## EXERCISE PROMPT
Among the lines of the records below, count those with the word "noteq". Reply with that number alone.

## Data entries

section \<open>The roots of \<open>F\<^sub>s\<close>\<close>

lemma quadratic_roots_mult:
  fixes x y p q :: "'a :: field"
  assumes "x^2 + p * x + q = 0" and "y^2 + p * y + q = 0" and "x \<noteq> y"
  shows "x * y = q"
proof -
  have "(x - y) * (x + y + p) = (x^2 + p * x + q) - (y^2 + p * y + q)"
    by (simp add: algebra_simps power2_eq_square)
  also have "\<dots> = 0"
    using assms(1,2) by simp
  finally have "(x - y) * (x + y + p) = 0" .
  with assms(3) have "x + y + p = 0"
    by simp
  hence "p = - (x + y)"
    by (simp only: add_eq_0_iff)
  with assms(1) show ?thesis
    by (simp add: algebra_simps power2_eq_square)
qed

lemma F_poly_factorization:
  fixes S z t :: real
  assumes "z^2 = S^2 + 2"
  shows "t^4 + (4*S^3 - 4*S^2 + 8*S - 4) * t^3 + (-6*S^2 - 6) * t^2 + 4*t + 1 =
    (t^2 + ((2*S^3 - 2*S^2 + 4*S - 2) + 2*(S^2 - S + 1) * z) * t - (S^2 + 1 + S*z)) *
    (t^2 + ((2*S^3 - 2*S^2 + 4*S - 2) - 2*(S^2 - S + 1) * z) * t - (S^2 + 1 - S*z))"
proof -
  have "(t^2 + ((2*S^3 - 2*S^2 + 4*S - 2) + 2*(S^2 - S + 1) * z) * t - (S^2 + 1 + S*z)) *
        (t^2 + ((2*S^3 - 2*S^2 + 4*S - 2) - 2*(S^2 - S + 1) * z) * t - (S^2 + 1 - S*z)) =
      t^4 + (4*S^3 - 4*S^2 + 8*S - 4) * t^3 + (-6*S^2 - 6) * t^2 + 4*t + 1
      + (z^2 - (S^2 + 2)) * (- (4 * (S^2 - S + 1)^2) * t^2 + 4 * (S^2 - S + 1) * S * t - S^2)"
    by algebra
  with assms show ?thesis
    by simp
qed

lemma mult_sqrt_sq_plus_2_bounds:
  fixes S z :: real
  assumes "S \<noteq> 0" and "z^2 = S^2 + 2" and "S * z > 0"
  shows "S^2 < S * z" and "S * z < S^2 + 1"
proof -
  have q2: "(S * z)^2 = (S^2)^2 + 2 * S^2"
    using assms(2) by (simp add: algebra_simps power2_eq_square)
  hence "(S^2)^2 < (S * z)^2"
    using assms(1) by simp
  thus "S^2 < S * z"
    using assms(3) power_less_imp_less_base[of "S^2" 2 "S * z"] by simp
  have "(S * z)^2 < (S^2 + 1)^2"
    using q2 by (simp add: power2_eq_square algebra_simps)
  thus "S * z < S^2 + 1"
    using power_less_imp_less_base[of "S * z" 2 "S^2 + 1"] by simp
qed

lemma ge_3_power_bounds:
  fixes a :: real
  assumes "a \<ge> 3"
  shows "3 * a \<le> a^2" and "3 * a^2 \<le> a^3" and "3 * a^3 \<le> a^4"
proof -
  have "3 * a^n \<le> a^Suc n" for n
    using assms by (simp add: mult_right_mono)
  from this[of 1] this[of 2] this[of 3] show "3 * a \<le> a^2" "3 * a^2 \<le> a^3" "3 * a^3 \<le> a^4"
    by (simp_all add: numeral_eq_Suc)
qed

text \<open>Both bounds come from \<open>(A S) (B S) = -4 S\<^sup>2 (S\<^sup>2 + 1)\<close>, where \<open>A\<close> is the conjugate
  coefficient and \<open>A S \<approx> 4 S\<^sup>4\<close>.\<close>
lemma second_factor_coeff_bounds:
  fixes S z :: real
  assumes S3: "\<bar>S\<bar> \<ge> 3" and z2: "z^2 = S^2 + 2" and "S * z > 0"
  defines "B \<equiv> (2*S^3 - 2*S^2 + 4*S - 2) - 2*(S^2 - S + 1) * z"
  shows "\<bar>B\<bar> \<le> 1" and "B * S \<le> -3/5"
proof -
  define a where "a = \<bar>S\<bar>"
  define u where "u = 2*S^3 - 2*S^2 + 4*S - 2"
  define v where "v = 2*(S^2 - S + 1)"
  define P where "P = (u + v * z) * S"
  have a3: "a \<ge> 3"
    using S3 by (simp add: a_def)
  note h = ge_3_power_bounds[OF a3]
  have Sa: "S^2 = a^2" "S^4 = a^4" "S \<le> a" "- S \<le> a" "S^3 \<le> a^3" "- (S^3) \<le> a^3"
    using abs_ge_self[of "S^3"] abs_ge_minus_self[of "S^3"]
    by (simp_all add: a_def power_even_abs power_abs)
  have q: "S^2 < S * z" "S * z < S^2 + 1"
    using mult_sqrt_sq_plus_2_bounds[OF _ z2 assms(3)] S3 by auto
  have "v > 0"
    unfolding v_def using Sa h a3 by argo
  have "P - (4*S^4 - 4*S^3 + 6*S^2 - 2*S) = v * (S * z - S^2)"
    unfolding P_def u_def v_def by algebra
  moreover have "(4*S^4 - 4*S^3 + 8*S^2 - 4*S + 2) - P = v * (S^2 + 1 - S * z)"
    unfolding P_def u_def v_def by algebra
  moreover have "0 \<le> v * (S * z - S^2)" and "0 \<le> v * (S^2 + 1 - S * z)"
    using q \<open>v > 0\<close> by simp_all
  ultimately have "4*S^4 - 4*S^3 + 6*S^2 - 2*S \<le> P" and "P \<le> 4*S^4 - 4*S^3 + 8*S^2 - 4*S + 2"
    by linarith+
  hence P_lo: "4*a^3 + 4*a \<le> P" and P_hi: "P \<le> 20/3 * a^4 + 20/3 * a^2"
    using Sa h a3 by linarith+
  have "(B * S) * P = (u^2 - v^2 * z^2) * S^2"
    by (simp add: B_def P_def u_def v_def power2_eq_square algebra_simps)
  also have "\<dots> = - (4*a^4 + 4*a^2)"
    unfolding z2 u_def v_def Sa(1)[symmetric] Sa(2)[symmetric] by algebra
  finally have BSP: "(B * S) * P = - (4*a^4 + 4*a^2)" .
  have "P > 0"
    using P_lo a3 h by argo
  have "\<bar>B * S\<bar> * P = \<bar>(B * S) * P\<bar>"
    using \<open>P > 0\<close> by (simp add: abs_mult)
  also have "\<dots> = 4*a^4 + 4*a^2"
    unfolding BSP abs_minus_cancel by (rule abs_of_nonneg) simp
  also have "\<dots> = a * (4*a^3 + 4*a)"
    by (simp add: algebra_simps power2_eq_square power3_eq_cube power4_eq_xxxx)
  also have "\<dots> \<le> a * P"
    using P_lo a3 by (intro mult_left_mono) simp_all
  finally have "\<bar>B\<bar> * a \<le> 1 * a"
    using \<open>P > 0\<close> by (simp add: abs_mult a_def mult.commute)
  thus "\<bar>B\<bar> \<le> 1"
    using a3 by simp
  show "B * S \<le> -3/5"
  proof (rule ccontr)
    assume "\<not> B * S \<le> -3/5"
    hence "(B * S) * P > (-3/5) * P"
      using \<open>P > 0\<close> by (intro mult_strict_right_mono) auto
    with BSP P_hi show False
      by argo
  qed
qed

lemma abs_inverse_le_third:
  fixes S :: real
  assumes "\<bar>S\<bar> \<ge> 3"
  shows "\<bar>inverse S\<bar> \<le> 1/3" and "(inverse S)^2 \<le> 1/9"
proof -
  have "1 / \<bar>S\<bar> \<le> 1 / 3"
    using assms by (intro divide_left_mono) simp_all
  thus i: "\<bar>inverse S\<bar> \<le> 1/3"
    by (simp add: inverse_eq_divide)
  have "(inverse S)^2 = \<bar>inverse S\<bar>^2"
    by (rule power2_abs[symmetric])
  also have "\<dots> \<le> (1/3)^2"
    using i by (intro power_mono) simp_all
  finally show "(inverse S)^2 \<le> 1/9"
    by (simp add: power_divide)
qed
...
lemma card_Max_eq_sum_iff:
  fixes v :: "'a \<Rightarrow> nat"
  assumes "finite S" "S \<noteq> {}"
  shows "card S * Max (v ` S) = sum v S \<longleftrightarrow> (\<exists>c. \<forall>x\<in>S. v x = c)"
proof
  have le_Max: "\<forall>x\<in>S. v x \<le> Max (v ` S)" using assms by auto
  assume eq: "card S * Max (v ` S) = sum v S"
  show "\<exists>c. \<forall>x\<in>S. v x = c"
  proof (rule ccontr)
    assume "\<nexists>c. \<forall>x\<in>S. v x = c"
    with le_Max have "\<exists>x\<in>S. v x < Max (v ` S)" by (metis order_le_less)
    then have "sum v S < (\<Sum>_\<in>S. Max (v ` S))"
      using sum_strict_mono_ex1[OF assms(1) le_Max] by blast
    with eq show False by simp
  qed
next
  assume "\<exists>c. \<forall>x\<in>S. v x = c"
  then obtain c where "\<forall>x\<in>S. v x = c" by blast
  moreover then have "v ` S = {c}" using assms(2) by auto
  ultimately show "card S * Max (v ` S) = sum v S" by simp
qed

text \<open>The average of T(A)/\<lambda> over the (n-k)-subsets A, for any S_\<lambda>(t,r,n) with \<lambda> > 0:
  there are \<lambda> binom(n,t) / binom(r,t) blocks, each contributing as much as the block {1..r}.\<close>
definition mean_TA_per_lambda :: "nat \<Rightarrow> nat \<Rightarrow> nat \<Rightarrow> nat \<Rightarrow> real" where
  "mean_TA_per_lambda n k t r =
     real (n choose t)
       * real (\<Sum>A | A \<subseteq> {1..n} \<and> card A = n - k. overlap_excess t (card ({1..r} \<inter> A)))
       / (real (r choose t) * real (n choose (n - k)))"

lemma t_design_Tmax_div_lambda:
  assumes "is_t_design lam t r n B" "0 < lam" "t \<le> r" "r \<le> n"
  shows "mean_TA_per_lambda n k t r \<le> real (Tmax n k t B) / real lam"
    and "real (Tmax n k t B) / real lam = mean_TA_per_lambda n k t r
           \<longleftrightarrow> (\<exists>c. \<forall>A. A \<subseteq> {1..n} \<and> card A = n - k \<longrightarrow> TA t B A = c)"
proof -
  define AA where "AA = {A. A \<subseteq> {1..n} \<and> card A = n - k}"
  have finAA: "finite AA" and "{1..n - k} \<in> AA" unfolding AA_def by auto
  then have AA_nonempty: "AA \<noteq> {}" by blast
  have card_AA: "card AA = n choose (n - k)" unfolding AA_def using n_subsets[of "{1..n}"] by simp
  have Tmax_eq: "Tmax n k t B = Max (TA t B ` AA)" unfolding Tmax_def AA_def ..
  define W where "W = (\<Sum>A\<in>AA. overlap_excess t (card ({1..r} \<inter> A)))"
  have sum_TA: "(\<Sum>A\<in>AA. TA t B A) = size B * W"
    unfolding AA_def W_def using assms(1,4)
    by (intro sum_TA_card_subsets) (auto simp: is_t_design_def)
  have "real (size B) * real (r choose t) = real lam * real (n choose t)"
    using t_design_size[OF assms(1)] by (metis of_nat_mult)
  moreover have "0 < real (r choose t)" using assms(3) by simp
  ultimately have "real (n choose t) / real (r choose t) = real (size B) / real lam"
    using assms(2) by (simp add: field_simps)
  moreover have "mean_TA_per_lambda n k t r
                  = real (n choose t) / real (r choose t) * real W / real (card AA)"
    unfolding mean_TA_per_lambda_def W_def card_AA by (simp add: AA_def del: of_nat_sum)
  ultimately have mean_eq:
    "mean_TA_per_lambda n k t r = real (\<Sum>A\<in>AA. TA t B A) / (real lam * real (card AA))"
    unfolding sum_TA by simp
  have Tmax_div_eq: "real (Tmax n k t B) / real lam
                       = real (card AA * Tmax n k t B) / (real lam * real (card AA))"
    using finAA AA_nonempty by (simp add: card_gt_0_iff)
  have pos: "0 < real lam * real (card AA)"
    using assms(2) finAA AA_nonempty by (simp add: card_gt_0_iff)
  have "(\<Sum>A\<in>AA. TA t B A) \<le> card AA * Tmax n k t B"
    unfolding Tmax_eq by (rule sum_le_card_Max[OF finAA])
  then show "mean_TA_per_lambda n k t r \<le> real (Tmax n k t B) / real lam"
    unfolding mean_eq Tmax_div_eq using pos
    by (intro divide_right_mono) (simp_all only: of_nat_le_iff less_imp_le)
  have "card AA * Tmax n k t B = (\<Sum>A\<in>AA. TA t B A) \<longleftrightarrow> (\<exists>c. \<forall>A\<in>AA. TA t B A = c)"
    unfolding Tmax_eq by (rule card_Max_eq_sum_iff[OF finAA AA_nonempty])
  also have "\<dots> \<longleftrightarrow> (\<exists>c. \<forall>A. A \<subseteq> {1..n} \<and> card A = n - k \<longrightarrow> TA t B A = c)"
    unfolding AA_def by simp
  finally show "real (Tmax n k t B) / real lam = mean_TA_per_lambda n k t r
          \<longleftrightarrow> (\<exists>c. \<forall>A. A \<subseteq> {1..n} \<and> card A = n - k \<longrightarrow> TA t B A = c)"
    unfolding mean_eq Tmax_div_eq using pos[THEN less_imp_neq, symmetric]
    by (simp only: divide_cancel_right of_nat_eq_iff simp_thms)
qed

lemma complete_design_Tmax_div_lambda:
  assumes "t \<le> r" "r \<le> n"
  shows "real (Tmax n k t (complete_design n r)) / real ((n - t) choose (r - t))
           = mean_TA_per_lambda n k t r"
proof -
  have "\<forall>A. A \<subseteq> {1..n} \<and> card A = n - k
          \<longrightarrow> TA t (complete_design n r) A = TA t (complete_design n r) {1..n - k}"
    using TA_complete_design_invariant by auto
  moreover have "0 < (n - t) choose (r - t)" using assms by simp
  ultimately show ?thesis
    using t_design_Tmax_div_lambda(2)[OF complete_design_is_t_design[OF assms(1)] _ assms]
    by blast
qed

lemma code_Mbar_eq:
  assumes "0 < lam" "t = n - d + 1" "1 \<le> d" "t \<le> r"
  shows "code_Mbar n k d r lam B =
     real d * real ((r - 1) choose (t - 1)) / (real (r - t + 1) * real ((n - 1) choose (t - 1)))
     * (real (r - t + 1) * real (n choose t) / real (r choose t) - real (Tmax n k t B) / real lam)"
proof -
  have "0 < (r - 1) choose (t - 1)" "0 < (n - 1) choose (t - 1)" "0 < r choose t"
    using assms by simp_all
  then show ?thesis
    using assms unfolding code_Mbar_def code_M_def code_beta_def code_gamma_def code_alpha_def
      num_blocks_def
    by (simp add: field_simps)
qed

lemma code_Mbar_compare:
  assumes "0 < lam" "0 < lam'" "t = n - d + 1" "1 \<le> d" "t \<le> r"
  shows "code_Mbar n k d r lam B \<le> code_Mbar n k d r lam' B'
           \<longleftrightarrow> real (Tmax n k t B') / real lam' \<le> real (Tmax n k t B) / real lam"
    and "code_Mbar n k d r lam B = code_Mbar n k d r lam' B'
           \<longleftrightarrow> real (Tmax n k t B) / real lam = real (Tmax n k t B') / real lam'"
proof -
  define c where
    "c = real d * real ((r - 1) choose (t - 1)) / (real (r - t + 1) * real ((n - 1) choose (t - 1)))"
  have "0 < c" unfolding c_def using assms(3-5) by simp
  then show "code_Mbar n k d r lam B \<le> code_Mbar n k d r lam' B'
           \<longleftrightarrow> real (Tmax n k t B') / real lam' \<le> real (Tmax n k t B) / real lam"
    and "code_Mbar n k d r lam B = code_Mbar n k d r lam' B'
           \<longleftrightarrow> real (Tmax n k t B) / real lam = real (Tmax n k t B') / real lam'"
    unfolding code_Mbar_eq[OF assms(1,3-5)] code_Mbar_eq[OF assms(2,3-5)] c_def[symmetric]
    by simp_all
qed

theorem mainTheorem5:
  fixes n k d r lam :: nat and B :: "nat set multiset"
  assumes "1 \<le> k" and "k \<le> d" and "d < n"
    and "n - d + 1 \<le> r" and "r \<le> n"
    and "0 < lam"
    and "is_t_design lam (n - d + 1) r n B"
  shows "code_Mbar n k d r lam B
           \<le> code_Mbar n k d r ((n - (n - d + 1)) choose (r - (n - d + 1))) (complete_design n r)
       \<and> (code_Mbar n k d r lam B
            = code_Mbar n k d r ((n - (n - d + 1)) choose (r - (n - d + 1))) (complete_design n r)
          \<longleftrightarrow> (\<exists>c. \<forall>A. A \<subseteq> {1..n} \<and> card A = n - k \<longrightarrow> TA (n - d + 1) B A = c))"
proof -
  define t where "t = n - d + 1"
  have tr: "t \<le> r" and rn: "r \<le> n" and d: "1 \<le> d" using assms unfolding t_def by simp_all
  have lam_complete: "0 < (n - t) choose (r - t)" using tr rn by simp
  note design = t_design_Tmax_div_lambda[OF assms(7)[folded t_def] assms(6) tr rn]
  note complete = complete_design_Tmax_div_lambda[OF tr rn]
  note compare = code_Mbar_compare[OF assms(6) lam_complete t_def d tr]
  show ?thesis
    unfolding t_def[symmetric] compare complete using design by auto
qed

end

## OUTPUT FOR THIS EXERCISE
4